lemma lambda_quiddity_fan_pair_quiddity: "lambda_quiddity (fan_pair_quiddity m)"
  unfolding lambda_quiddity_def Mq_eq_neg_id_iff_components
  by (simp add: fan_pair_quiddity_def Mq_append Mq_replicate_two Mq1_def mat2_id_def
      mat2_neg_id_def algebra_simps)

lemma fan_pair_quiddity_window_component_ge_two:
  fixes j m k :: nat
  assumes "1 \<le> j" "j \<le> m + 1"
  defines "W \<equiv> take j (rotate k (fan_pair_quiddity m))"
  shows "2 \<le> continuant (map fst W) \<or> 2 \<le> continuant (map snd W)"
proof -
  define P :: "(int \<times> int) list" where "P = [(2, 1), (1, int m + 2), (int m + 2, 1), (1, 2)]"
  have W_eq: "W = take j (rotate k (P @ replicate m (2, 2)))"
    by (simp add: W_def fan_pair_quiddity_def P_def)
  show ?thesis
  proof (rule take_rotate_append_replicate_cases[of P j m k "(2, 2)"])
    show "take j (rotate k (P @ replicate m (2, 2))) = replicate j (2, 2) \<Longrightarrow> ?thesis"
      using assms(1) by (simp add: W_eq Mq_replicate_two)
  next
    fix s i r t
    define Q where "Q = take r (drop i P)"
    assume W: "take j (rotate k (P @ replicate m (2, 2)))
        = replicate s (2, 2) @ take r (drop i P) @ replicate t (2, 2)"
      and r: "0 < r" "i + r \<le> length P" and s: "0 < s \<Longrightarrow> i = 0" and t: "0 < t \<Longrightarrow> i + r = length P"
    have "length W = j"
      using assms(2) by (simp add: W_def length_fan_pair_quiddity)
    then have len: "s + r + t \<le> m + 1"
      using assms(2) W r by (simp add: W_eq min_def split: if_splits)
    have s': "i = 0 \<or> s = 0" and t': "i + r = 4 \<or> t = 0"
      using s t by (auto simp: P_def)
    have "continuant (map fst W) = (case Mq (map fst Q) of (a, b, c, d) \<Rightarrow>
        (of_nat t + 1) * ((of_nat s + 1) * a + of_nat s * b) - of_nat t * ((of_nat s + 1) * c + of_nat s * d))"
      "continuant (map snd W) = (case Mq (map snd Q) of (a, b, c, d) \<Rightarrow>
        (of_nat t + 1) * ((of_nat s + 1) * a + of_nat s * b) - of_nat t * ((of_nat s + 1) * c + of_nat s * d))"
      by (simp_all only: W_eq W Q_def[symmetric] map_append map_replicate fst_conv snd_conv
          continuant_replicate_two_sandwich)
    moreover have "(i, r) \<in> {(0,1),(0,2),(0,3),(0,4),(1,1),(1,2),(1,3),(2,1),(2,2),(3,1)}"
      using r by (simp add: P_def) arith
    ultimately show ?thesis
      using s' t' len
      by (elim insertE emptyE) (simp_all add: Q_def P_def Mq1_def mat2_id_def algebra_simps)
  qed (use assms in \<open>simp_all add: P_def\<close>)
qed

lemma lambda_quiddity_replicate_three_one: "lambda_quiddity (replicate 3 (1 :: 'a::comm_ring_1))"
  by (simp add: lambda_quiddity_def numeral_3_eq_3 Mq1_def mat2_id_def mat2_neg_id_def)

lemma irreducible_quiddityI:
  assumes "length c \<ge> 3" "lambda_quiddity c"
    and "\<And>k j. 1 \<le> j \<Longrightarrow> j + 3 \<le> length c \<Longrightarrow>
      continuant (take j (rotate k c)) \<noteq> 1 \<and> continuant (take j (rotate k c)) \<noteq> -1"
  shows "irreducible_quiddity c"
  using assms reducible_quiddity_unit_window unfolding irreducible_quiddity_def by metis

theorem corollary2p9:
  fixes n :: nat
  assumes "n \<ge> 3"
  shows "\<exists>c :: (int \<times> int) list. length c = n \<and> irreducible_quiddity c"
proof (cases "n = 3")
  case True
  have "irreducible_quiddity (replicate 3 (1 :: int \<times> int))"
    by (rule irreducible_quiddityI) (simp_all add: lambda_quiddity_replicate_three_one)
  then show ?thesis
    using True by (metis length_replicate)
next
  case False
  define m where "m = n - 4"
  have "irreducible_quiddity (fan_pair_quiddity m)"
  proof (rule irreducible_quiddityI)
    fix k j
    assume "1 \<le> j" "j + 3 \<le> length (fan_pair_quiddity m)"
    then have "2 \<le> continuant (map fst (take j (rotate k (fan_pair_quiddity m))))
      \<or> 2 \<le> continuant (map snd (take j (rotate k (fan_pair_quiddity m))))"
      by (intro fan_pair_quiddity_window_component_ge_two) (simp_all add: length_fan_pair_quiddity)
    then show "continuant (take j (rotate k (fan_pair_quiddity m))) \<noteq> 1
      \<and> continuant (take j (rotate k (fan_pair_quiddity m))) \<noteq> -1"
      using continuant_unit_components_le_one by fastforce
  qed (simp_all add: length_fan_pair_quiddity lambda_quiddity_fan_pair_quiddity)
  moreover have "length (fan_pair_quiddity m) = n"
    using assms False by (simp add: m_def length_fan_pair_quiddity)
  ultimately show ?thesis
    by blast
qed

end
(* Let $\pi$ be a positive continuous probability density on $\mathbb{R}$ and $q:\mathbb{R}^2\to[0,\infty)$ a bounded continuous function with $q(x,\cdot)$ a probability density for each $x$ and, for some $s>0$, $q(x,x+u)=0$ whenever $|u|>s$. Let $a>0$. Then for every bounded continuous function $f:\mathbb{R}\to\mathbb{C}$, $$\|T_{a^c}f\|_{L^2(\pi)}\le\int_{-s}^{s}\Big[\int_{\{|x|>a\}}|f(x+u)|^2\,t(x,x+u)^2\,\pi(x)\,dx\Big]^{1/2}du\le\beta_a\|f\|_{L^2(\pi)},$$ where $\beta_a:=\int_{-s}^{s}\sup_{|x|>a}\sqrt{t(x,x+u)\,t(x+u,x)}\,du$.
   Context: $L^2(\pi)$ is the $L^2$ space of the probability measure $\pi(y)dy$. Set $t(x,y):=\min(q(x,y),\pi(y)q(y,x)/\pi(x))$, $(Tf)(x):=\int_{\mathbb{R}}f(y)t(x,y)\,dy$, and $T_{a^c}f:=1_{\mathbb{R}\setminus[-a,a]}\cdot Tf$. *)

theory Defs
  imports "HOL-Analysis.Analysis"
begin

definition mh_t :: "(real \<Rightarrow> real) \<Rightarrow> (real \<Rightarrow> real \<Rightarrow> real) \<Rightarrow> real \<Rightarrow> real \<Rightarrow> real" where
  "mh_t \<pi> q x y = min (q x y) (\<pi> y * q y x / \<pi> x)"

definition T_op :: "(real \<Rightarrow> real) \<Rightarrow> (real \<Rightarrow> real \<Rightarrow> real) \<Rightarrow> (real \<Rightarrow> complex) \<Rightarrow> real \<Rightarrow> complex" where
  "T_op \<pi> q f x = (LINT y|lborel. f y * complex_of_real (mh_t \<pi> q x y))"

definition T_ac :: "real \<Rightarrow> (real \<Rightarrow> real) \<Rightarrow> (real \<Rightarrow> real \<Rightarrow> real) \<Rightarrow> (real \<Rightarrow> complex) \<Rightarrow> real \<Rightarrow> complex" where
  "T_ac a \<pi> q f x = indicator (UNIV - {-a..a}) x * T_op \<pi> q f x"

---*---

_Problem_.
In the material above, transcribe exactly the lines beginning at the one with "int) list. length" and ending at the one with "using continuant_unit_components_le_one by", both included.

_Result of the exercise_.
  shows "\<exists>c :: (int \<times> int) list. length c = n \<and> irreducible_quiddity c"
proof (cases "n = 3")
  case True
  have "irreducible_quiddity (replicate 3 (1 :: int \<times> int))"
    by (rule irreducible_quiddityI) (simp_all add: lambda_quiddity_replicate_three_one)
  then show ?thesis
    using True by (metis length_replicate)
next
  case False
  define m where "m = n - 4"
  have "irreducible_quiddity (fan_pair_quiddity m)"
  proof (rule irreducible_quiddityI)
    fix k j
    assume "1 \<le> j" "j + 3 \<le> length (fan_pair_quiddity m)"
    then have "2 \<le> continuant (map fst (take j (rotate k (fan_pair_quiddity m))))
      \<or> 2 \<le> continuant (map snd (take j (rotate k (fan_pair_quiddity m))))"
      by (intro fan_pair_quiddity_window_component_ge_two) (simp_all add: length_fan_pair_quiddity)
    then show "continuant (take j (rotate k (fan_pair_quiddity m))) \<noteq> 1
      \<and> continuant (take j (rotate k (fan_pair_quiddity m))) \<noteq> -1"
      using continuant_unit_components_le_one by fastforce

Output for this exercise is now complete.